REQUIRED ACTION -> Please quote exactly the opening lines of the data, from the first line to the one where "add: power2_eq_square algebra_simps)" appears.

=======

lemma norm_1_minus_cis_double: "cmod (1 - cis (2 * y)) = 2 * \<bar>sin y\<bar>"
proof -
  have "(cmod (1 - cis (2 * y)))\<^sup>2 = (1 - cos (2 * y))\<^sup>2 + (sin (2 * y))\<^sup>2"
    by (simp add: cmod_power2)
  also have "\<dots> = 2 * (1 - cos (2 * y))"
    using sin_cos_squared_add[of "2 * y"] by (simp add: power2_eq_square algebra_simps)
  also have "\<dots> = (2 * \<bar>sin y\<bar>)\<^sup>2"
    by (simp only: cos_double_sin) (simp add: power_mult_distrib)
  finally show ?thesis
    by (rule power2_eq_imp_eq) auto
qed

lemma norm_diff_roots_unity_ge:
  fixes z w :: complex
  assumes "z ^ q = 1" "w ^ q = 1" "z \<noteq> w"
  shows "2 / real q \<le> cmod (z - w)"
proof (cases "q = 0")
  case False
  define c where "c k = cis (2 * pi * real k / real q)" for k
  have dist: "2 / real q \<le> cmod (c a - c b)" if "a < b" "b < q" for a b
  proof -
    have "c b = c a * cis (2 * (pi * real (b - a) / real q))"
      using that by (simp add: c_def cis_mult of_nat_diff field_simps)
    then have "c a - c b = c a * (1 - cis (2 * (pi * real (b - a) / real q)))"
      by (simp add: algebra_simps)
    then have "cmod (c a - c b) = 2 * \<bar>sin (pi * real (b - a) / real q)\<bar>"
      by (simp only: c_def norm_mult norm_cis mult_1 norm_1_minus_cis_double)
    moreover have "1 / real q \<le> sin (pi * real (b - a) / real q)"
      using that by (intro sin_pi_mult_div_ge_inverse) auto
    ultimately show ?thesis
      by simp
  qed
  from False obtain a b where "a < q" "b < q" "z = c a" "w = c b"
    using bij_betw_roots_unity[of q] assms unfolding bij_betw_def c_def by blast
  with assms(3) dist[of a b] dist[of b a] show ?thesis
    by (cases a b rule: linorder_cases) (auto simp: norm_minus_commute)
qed simp

lemma sum_pow_mult_cnj_pow_roots_unity:
  fixes z w :: complex
  assumes "z ^ q = 1" "w ^ q = 1"
  shows "(\<Sum>i<q. z ^ i * cnj w ^ i) = (if z = w then of_nat q else 0)"
proof (cases "q = 0")
  case False
  then have "cmod w = 1"
    using power_eq_1_iff[OF assms(2)] by simp
  then have w_cnj_w: "w * cnj w = 1" and "w \<noteq> 0"
    using complex_norm_square[of w] by auto
  have sum_eq: "(\<Sum>i<q. z ^ i * cnj w ^ i) = (\<Sum>i<q. (z * cnj w) ^ i)"
    by (simp add: power_mult_distrib)
  show ?thesis
  proof (cases "z = w")
    case True
    then show ?thesis
      unfolding sum_eq by (simp add: w_cnj_w)
  next
    case False
    have "z * cnj w = z / w"
      using w_cnj_w \<open>w \<noteq> 0\<close> by (simp add: field_simps)
    moreover have "z / w \<noteq> 1" "(z / w) ^ q = 1"
      using False assms \<open>w \<noteq> 0\<close> by (auto simp: power_divide)
    ultimately show ?thesis
      unfolding sum_eq using False by (simp add: geometric_sum)
  qed
qed simp

lemma parseval_roots_unity:
  fixes s :: "'a \<Rightarrow> complex"
  assumes "finite J" "inj_on s J" "\<And>j. j \<in> J \<Longrightarrow> s j ^ q = 1"
  shows "(\<Sum>i<q. (cmod (\<Sum>j\<in>J. v j * s j ^ i))\<^sup>2) = real q * (\<Sum>j\<in>J. (cmod (v j))\<^sup>2)"
proof -
  have "complex_of_real (\<Sum>i<q. (cmod (\<Sum>j\<in>J. v j * s j ^ i))\<^sup>2)
      = (\<Sum>i<q. (\<Sum>j\<in>J. v j * s j ^ i) * cnj (\<Sum>k\<in>J. v k * s k ^ i))"
    by (simp only: of_real_sum complex_norm_square)
  also have "\<dots> = (\<Sum>i<q. \<Sum>j\<in>J. \<Sum>k\<in>J. v j * cnj (v k) * (s j ^ i * cnj (s k) ^ i))"
    by (simp add: cnj_sum sum_product mult_ac)
  also have "\<dots> = (\<Sum>j\<in>J. \<Sum>k\<in>J. v j * cnj (v k) * (\<Sum>i<q. s j ^ i * cnj (s k) ^ i))"
    by (simp only: sum.swap[where A = "{..<q}"] sum_distrib_left)
  also have "\<dots> = (\<Sum>j\<in>J. \<Sum>k\<in>J. if j = k then of_nat q * (v j * cnj (v k)) else 0)"
    using assms by (intro sum.cong refl) (simp add: sum_pow_mult_cnj_pow_roots_unity inj_on_eq_iff)
  also have "\<dots> = (\<Sum>j\<in>J. of_nat q * (v j * cnj (v j)))"
    using assms(1) by simp
  also have "\<dots> = complex_of_real (real q * (\<Sum>j\<in>J. (cmod (v j))\<^sup>2))"
    by (simp only: of_real_mult of_real_of_nat_eq of_real_sum complex_norm_square sum_distrib_left)
  finally show ?thesis
    by (simp only: of_real_eq_iff)
qed
(* The sets $R_s$, $R_b$, $R_t$ are non-empty. Moreover: (i) $R_s$ contains a neighborhood (relative to $[0,1]^2$) of $\boldsymbol h=(h_1,h_2)$; (ii) $R_b\cap([h_1,1]\times[h_2,1])=\emptyset$; for every $m_1\in[0,1]$ there is $\delta>0$ with $(m_1,\epsilon)\in R_b$ for all $\epsilon\in[0,\delta)$; and for every $m_2\in[0,1]$ there is $\delta>0$ with $(\epsilon,m_2)\in R_b$ for all $\epsilon\in[0,\delta)$; (iii) $R_t\cap([0,h_1)\times[0,h_2))=\emptyset$, and there is $\delta>0$ such that $(1-\epsilon,1-\epsilon)\in R_t$ for all $\epsilon\in[0,\delta)$.
   Context: Fix a cumulative distribution function $F$ on $[0,1]^2$ with a density $f$ that has full support on $[0,1]^2$, a constant $c\in(0,1)$ and $\boldsymbol h=(h_1,h_2)\in(0,1)^2$. For $\boldsymbol x,\boldsymbol y\in[0,1]^2$ write $\boldsymbol x\vee\boldsymbol y=(\max\{x_1,y_1\},\max\{x_2,y_2\})$, and for $F(\boldsymbol x)<1$ let $n(\boldsymbol x)=\frac{1}{c(1-F(\boldsymbol x))}$. For $\boldsymbol m\in[0,1]^2$ define $\bar w_s=F(\boldsymbol h)$, $\bar w_b=n(\boldsymbol m)\big(F(\boldsymbol m\vee\boldsymbol h)-F(\boldsymbol m)\big)$ (with $\bar w_b:=0$ if $F(\boldsymbol m)=1$), $\bar w_t=F(\boldsymbol m\vee\boldsymbol h)-F(\boldsymbol m)/n(\boldsymbol h)$, and the regions $R_s=\{\boldsymbol m\in[0,1]^2:\bar w_s\ge\max\{\bar w_b,\bar w_t\}\}$, $R_b=\{\boldsymbol m:\bar w_b>\max\{\bar w_s,\bar w_t\}\}$, $R_t=[0,1]^2\setminus(R_s\cup R_b)$. (Interpretation: these are the maximal wages that single-layer, bottom-automated and top-automated firms can pay when machines rent at $F(\boldsymbol m)$.) *)

theory Defs
  imports "HOL-Analysis.Analysis"
begin

definition unit_sq :: "(real \<times> real) set" where
  "unit_sq = cbox (0,0) (1,1)"

definition pjoin :: "real \<times> real \<Rightarrow> real \<times> real \<Rightarrow> real \<times> real" where
  "pjoin x y = (max (fst x) (fst y), max (snd x) (snd y))"

definition is_density_cdf ::
  "(real \<times> real \<Rightarrow> real) \<Rightarrow> (real \<times> real \<Rightarrow> real) \<Rightarrow> bool" where
  "is_density_cdf F f \<longleftrightarrow>
     f integrable_on unit_sq \<and>
     (\<forall>x\<in>unit_sq. 0 \<le> f x) \<and>
     integral unit_sq f = 1 \<and>
     (\<forall>x\<in>unit_sq. F x = integral (cbox (0,0) x) f)"

definition full_support :: "(real \<times> real \<Rightarrow> real) \<Rightarrow> bool" where
  "full_support f \<longleftrightarrow>
     (\<forall>a\<in>unit_sq. \<forall>b\<in>unit_sq. fst a < fst b \<and> snd a < snd b \<longrightarrow>
        integral (cbox a b) f > 0)"

definition nfun :: "(real \<times> real \<Rightarrow> real) \<Rightarrow> real \<Rightarrow> real \<times> real \<Rightarrow> real" where
  "nfun F c x = 1 / (c * (1 - F x))"

definition w_s :: "(real \<times> real \<Rightarrow> real) \<Rightarrow> real \<times> real \<Rightarrow> real" where
  "w_s F h = F h"

definition w_b :: "(real \<times> real \<Rightarrow> real) \<Rightarrow> real \<Rightarrow> real \<times> real \<Rightarrow> real \<times> real \<Rightarrow> real" where
  "w_b F c h m = (if F m = 1 then 0 else nfun F c m * (F (pjoin m h) - F m))"

definition w_t :: "(real \<times> real \<Rightarrow> real) \<Rightarrow> real \<Rightarrow> real \<times> real \<Rightarrow> real \<times> real \<Rightarrow> real" where
  "w_t F c h m = F (pjoin m h) - F m / nfun F c h"

definition R_s :: "(real \<times> real \<Rightarrow> real) \<Rightarrow> real \<Rightarrow> real \<times> real \<Rightarrow> (real \<times> real) set" where
  "R_s F c h = {m\<in>unit_sq. w_s F h \<ge> max (w_b F c h m) (w_t F c h m)}"

definition R_b :: "(real \<times> real \<Rightarrow> real) \<Rightarrow> real \<Rightarrow> real \<times> real \<Rightarrow> (real \<times> real) set" where
  "R_b F c h = {m\<in>unit_sq. w_b F c h m > max (w_s F h) (w_t F c h m)}"

definition R_t :: "(real \<times> real \<Rightarrow> real) \<Rightarrow> real \<Rightarrow> real \<times> real \<Rightarrow> (real \<times> real) set" where
  "R_t F c h = unit_sq - (R_s F c h \<union> R_b F c h)"

end

theory Submission
  imports Defs
begin

text \<open>All three maximal wages are continuous functions of the machine position wherever
  F m < 1, so each claim reduces to a strict comparison of wages at a single point,
  which then persists nearby. At h the bottom and top wages fall strictly below the
  single-layer wage F h; on the axes F vanishes and the bottom wage F (pjoin m h) / c beats
  both competitors; near (1,1) the bottom wage is identically 0 while the top wage tends
  to 1 - c(1 - F h) > F h. The two emptiness claims are pointwise: above h the bottom wage
  is 0, and below h the top wage is at most F h.\<close>

lemma unit_sq_eq: "unit_sq = {0..1} \<times> {0..1}"
  unfolding unit_sq_def by (simp add: cbox_Pair_eq)

lemma cbox_origin_eq: "cbox (0,0) (x::real\<times>real) = {0..fst x} \<times> {0..snd x}"
  by (cases x) (simp add: cbox_Pair_eq)

lemma pjoin_in_unit_sq: "x \<in> unit_sq \<Longrightarrow> y \<in> unit_sq \<Longrightarrow> pjoin x y \<in> unit_sq"
  unfolding unit_sq_eq pjoin_def by (auto simp: mem_Times_iff)

lemma fst_pjoin [simp]: "fst (pjoin x y) = max (fst x) (fst y)"
  and snd_pjoin [simp]: "snd (pjoin x y) = max (snd x) (snd y)"
  unfolding pjoin_def by simp_all

lemma pjoin_eq_left: "fst y \<le> fst x \<Longrightarrow> snd y \<le> snd x \<Longrightarrow> pjoin x y = x"
  unfolding pjoin_def by (simp add: max_absorb1)

lemma pjoin_eq_right: "fst x \<le> fst y \<Longrightarrow> snd x \<le> snd y \<Longrightarrow> pjoin x y = y"
  unfolding pjoin_def by (simp add: max_absorb2)

lemma continuous_within_less_locally:
  fixes g k :: "'a::metric_space \<Rightarrow> real"
  assumes "continuous (at p within S) g" "continuous (at p within S) k" "g p < k p"
  shows "\<exists>d>0. \<forall>y\<in>S. dist y p < d \<longrightarrow> g y < k y"
proof -
  have "((\<lambda>y. k y - g y) \<longlongrightarrow> k p - g p) (at p within S)"
    using assms(1,2) unfolding continuous_within by (rule tendsto_diff[rotated])
  then have "eventually (\<lambda>y. 0 < k y - g y) (at p within S)"
    using assms(3) by (intro order_tendstoD(1)) auto
  then obtain d where "d > 0" "\<forall>y\<in>S. y \<noteq> p \<and> dist y p < d \<longrightarrow> 0 < k y - g y"
    unfolding eventually_at by blast
  then show ?thesis using assms(3) by (metis diff_gt_0_iff_gt)
qed

context
  fixes F f :: "real \<times> real \<Rightarrow> real"
  assumes cdf: "is_density_cdf F f"
begin

lemma density_integrable_on_cbox: "x \<in> unit_sq \<Longrightarrow> f integrable_on cbox (0,0) x"
  using cdf unfolding is_density_cdf_def
  by (elim conjE integrable_on_subcbox) (auto simp: unit_sq_eq cbox_origin_eq)

lemma cdf_nonneg: "x \<in> unit_sq \<Longrightarrow> 0 \<le> F x"
  using cdf density_integrable_on_cbox[of x]
  unfolding is_density_cdf_def by (auto simp: unit_sq_eq cbox_origin_eq intro!: integral_nonneg)

lemma cdf_mono:
  assumes "x \<in> unit_sq" "y \<in> unit_sq" "fst x \<le> fst y" "snd x \<le> snd y"
  shows "F x \<le> F y"
proof -
  have "cbox (0,0) x \<subseteq> cbox (0,0) y" using assms by (auto simp: cbox_origin_eq)
  moreover have "\<forall>z\<in>cbox (0,0) y. 0 \<le> f z"
    using cdf assms(2) unfolding is_density_cdf_def by (auto simp: unit_sq_eq cbox_origin_eq)
  ultimately show ?thesis
    using cdf assms density_integrable_on_cbox
    unfolding is_density_cdf_def by (simp add: integral_subset_le)
qed

lemma cdf_top: "F (1,1) = 1"
  using cdf unfolding is_density_cdf_def unit_sq_def by auto

lemma cdf_le_one: "x \<in> unit_sq \<Longrightarrow> F x \<le> 1"
  using cdf_mono[of x "(1,1)"] cdf_top by (auto simp: unit_sq_eq mem_Times_iff)

lemma cdf_on_axis_fst: "a \<in> {0..1} \<Longrightarrow> F (a,0) = 0"
  using cdf unfolding is_density_cdf_def unit_sq_def by (auto simp: content_Pair)

lemma cdf_on_axis_snd: "a \<in> {0..1} \<Longrightarrow> F (0,a) = 0"
  using cdf unfolding is_density_cdf_def unit_sq_def by (auto simp: content_Pair)

lemma continuous_on_cdf: "continuous_on unit_sq F"
  unfolding continuous_on_iff
proof (intro ballI allI impI)
  fix x and e :: real assume x: "x \<in> unit_sq" and e: "0 < e"
  have "f integrable_on cbox (0,0) (1,1)"
    using cdf unfolding is_density_cdf_def unit_sq_def by auto
  moreover have "(0,0) \<in> cbox (0::real,0::real) (1,1)" by auto
  ultimately obtain d where "0 < d" and d: "\<forall>a\<in>unit_sq. \<forall>b\<in>unit_sq.
      norm (a - (0,0)) \<le> d \<and> norm (b - x) \<le> d \<longrightarrow>
      norm (integral (cbox a b) f - integral (cbox (0,0) x) f) < e"
    using indefinite_integral_continuous[OF _ _ x[unfolded unit_sq_def] e] unfolding unit_sq_def
    by metis
  have "dist (F y) (F x) < e" if "y \<in> unit_sq" "dist y x < d" for y
    using d[rule_format, of "(0,0)" y] cdf that x \<open>0 < d\<close>
    unfolding is_density_cdf_def by (auto simp: dist_norm unit_sq_eq)
  with \<open>0 < d\<close> show "\<exists>d>0. \<forall>y\<in>unit_sq. dist y x < d \<longrightarrow> dist (F y) (F x) < e" by blast
qed

context
  assumes support: "full_support f"
begin

lemma cdf_pos: "x \<in> unit_sq \<Longrightarrow> 0 < fst x \<Longrightarrow> 0 < snd x \<Longrightarrow> 0 < F x"
  using support cdf unfolding full_support_def is_density_cdf_def
  by (auto simp: unit_sq_eq)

=======

SOLUTION TO THE EXERCISE ->
lemma norm_1_minus_cis_double: "cmod (1 - cis (2 * y)) = 2 * \<bar>sin y\<bar>"
proof -
  have "(cmod (1 - cis (2 * y)))\<^sup>2 = (1 - cos (2 * y))\<^sup>2 + (sin (2 * y))\<^sup>2"
    by (simp add: cmod_power2)
  also have "\<dots> = 2 * (1 - cos (2 * y))"
    using sin_cos_squared_add[of "2 * y"] by (simp add: power2_eq_square algebra_simps)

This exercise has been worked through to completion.